La autora retrata. Su obturador: el testimonio de sus abogados de oficio, amigos, familiares, secretarias y mecanógrafas de la PGR, vecinos, policías, exnovias, documentos oficiales, cartas de Mario y grabaciones de llamadas telefónicas.
“Fue ese día cuando Rubén Aburto, un hombre envejecido, enfermo, pero sobre todo desconfiado, me mostró su mayor posesión: una cajita con una veintena de audiocasetes. encarcelado, su pequeña venganza contra el sistema que los había espiado durante años: esos pequeños rectángulos de plástico, dos carretes diminutos por donde pasaba una cinta magnética, eran su hijo. Sí, eran la representación del hombre ausente, transformado en partículas de metal adheridas a una fina tira de poliéster”.

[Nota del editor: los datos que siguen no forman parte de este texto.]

theorem proposition1:
  shows "{(JA a b, JB a b) | a b \<mu>. wPBE a b \<mu> \<and> K_based a}
         \<subset> {(JA a b, JB a b) | a b \<mu>. wPBE a b \<mu>}"
proof -
  let ?w = "(JA alice_witness bob_witness, JB alice_witness bob_witness)"
  have "?w \<in> {(JA a b, JB a b) | a b \<mu>. wPBE a b \<mu>}"
    using wPBE_witness by blast
  moreover have "?w \<notin> {(JA a b, JB a b) | a b \<mu>. wPBE a b \<mu> \<and> K_based a}"
    using wPBE_K_based_JA_nonpos JA_witness by fastforce
  ultimately show ?thesis
    by blast
qed

end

Sánchez Ley construye un inédito gran angular: el escrutinio de la comunicación escrita y telefónica de Mario Aburto Martínez; con él, nutre un perfil que no pretende eximirlo ni condenarlo, sí exponer el desconocido rostro de un hombre cuya imagen ha sido reflejada, desde el oficialismo, en un estanque tan opaco como turbio.

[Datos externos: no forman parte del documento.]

(* Let $\alpha\ge0$ and $\gamma\in\mathcal{B}$. Then there exist real functions $d_0,d_1$ on $[0,\Lambda)$ with $d_1(|p|)\ge1$ and $d_0(|p|)\ge1$ such that $D_\gamma(p)=d_1(|p|)\,\boldsymbol{\alpha}\cdot p+d_0(|p|)\,\beta$ for a.e. $p\in B(0,\Lambda)$. In particular $|D_\gamma(p)|\ge|D^0(p)|\ge|p|$ (as matrices) for a.e. $p\in B(0,\Lambda)$.
   Context: Let $\alpha_1,\alpha_2,\alpha_3,\beta$ be the standard $4\times4$ Dirac matrices, $D^0(p)=\boldsymbol{\alpha}\cdot p+\beta$, $\Lambda>0$. $\mathcal{A}$ is the set of measurable $\gamma:B(0,\Lambda)\to\{$hermitian $4\times4$ matrices$\}$ with $-\frac12\le\gamma(p)\le\frac12$; $\mathcal{B}=\{\gamma\in\mathcal{A}:\gamma(p)=f_1(|p|)\boldsymbol{\alpha}\cdot p+f_0(|p|)\beta\ \text{with real } f_0,f_1\le0\}$. For $\gamma\in\mathcal{A}$, $D_\gamma(p)=D^0(p)-\frac{\alpha}{2\pi^2}\int_{B(0,\Lambda)}\frac{\gamma(q)}{|p-q|^2}dq$ (the Fourier multiplier of the operator $D^0-\alpha\frac{\gamma(x-y)}{|x-y|}$). *)

theory Defs
  imports "HOL-Analysis.Analysis" "Jordan_Normal_Form.Matrix"
begin

definition adj :: "complex mat \<Rightarrow> complex mat" where
  "adj A = mat (dim_col A) (dim_row A) (\<lambda>(i,j). cnj (A $$ (j,i)))"

definition hermitian_mat :: "complex mat \<Rightarrow> bool" where
  "hermitian_mat A \<longleftrightarrow> A \<in> carrier_mat (dim_row A) (dim_row A) \<and> adj A = A"

definition qform :: "complex mat \<Rightarrow> complex vec \<Rightarrow> complex" where
  "qform A v = (\<Sum>i<dim_row A. \<Sum>j<dim_col A. cnj (v $ i) * A $$ (i,j) * v $ j)"

definition psd_mat :: "complex mat \<Rightarrow> bool" where
  "psd_mat A \<longleftrightarrow> A \<in> carrier_mat (dim_row A) (dim_row A) \<and>
     (\<forall>v\<in>carrier_vec (dim_row A). Im (qform A v) = 0 \<and> Re (qform A v) \<ge> 0)"

definition loewner_le :: "complex mat \<Rightarrow> complex mat \<Rightarrow> bool" where
  "loewner_le A B \<longleftrightarrow> dim_row A = dim_row B \<and> dim_col A = dim_col B \<and> psd_mat (B - A)"

text \<open>matrix absolute value |A| = sqrt(A^* A), the unique psd square root\<close>
definition mat_abs :: "complex mat \<Rightarrow> complex mat" where
  "mat_abs A = (THE B. B \<in> carrier_mat (dim_col A) (dim_col A) \<and> psd_mat B \<and> B * B = adj A * A)"

definition dirac_beta :: "complex mat" where
  "dirac_beta = mat_of_rows_list 4
     [[1,0,0,0],[0,1,0,0],[0,0,-1,0],[0,0,0,-1]]"

definition dirac_alpha1 :: "complex mat" where
  "dirac_alpha1 = mat_of_rows_list 4
     [[0,0,0,1],[0,0,1,0],[0,1,0,0],[1,0,0,0]]"

definition dirac_alpha2 :: "complex mat" where
  "dirac_alpha2 = mat_of_rows_list 4
     [[0,0,0,-\<i>],[0,0,\<i>,0],[0,-\<i>,0,0],[\<i>,0,0,0]]"

definition dirac_alpha3 :: "complex mat" where
  "dirac_alpha3 = mat_of_rows_list 4
     [[0,0,1,0],[0,0,0,-1],[1,0,0,0],[0,-1,0,0]]"

definition alpha_dot :: "real^3 \<Rightarrow> complex mat" where
  "alpha_dot p = complex_of_real (p $ 1) \<cdot>\<^sub>m dirac_alpha1
              + complex_of_real (p $ 2) \<cdot>\<^sub>m dirac_alpha2
              + complex_of_real (p $ 3) \<cdot>\<^sub>m dirac_alpha3"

La imagen capturada se revela como en un cuarto oscuro, el personaje aparece gradualmente ante nuestros ojos. Un Mario complejo, como cada uno que busca su lugar en el mundo, que aspira, que nota que sí hay otra mejor vida, pero que está lejos, que la viven otros.
“No puedo adquirir lo que necesito por ser más pobre que una hormiga; a no ser mosquitos, que en la noche me vienen a cenar, y la verdad no sé si soy su cena o su postre, porque parece que mi sangre les gusta más porque es buena”.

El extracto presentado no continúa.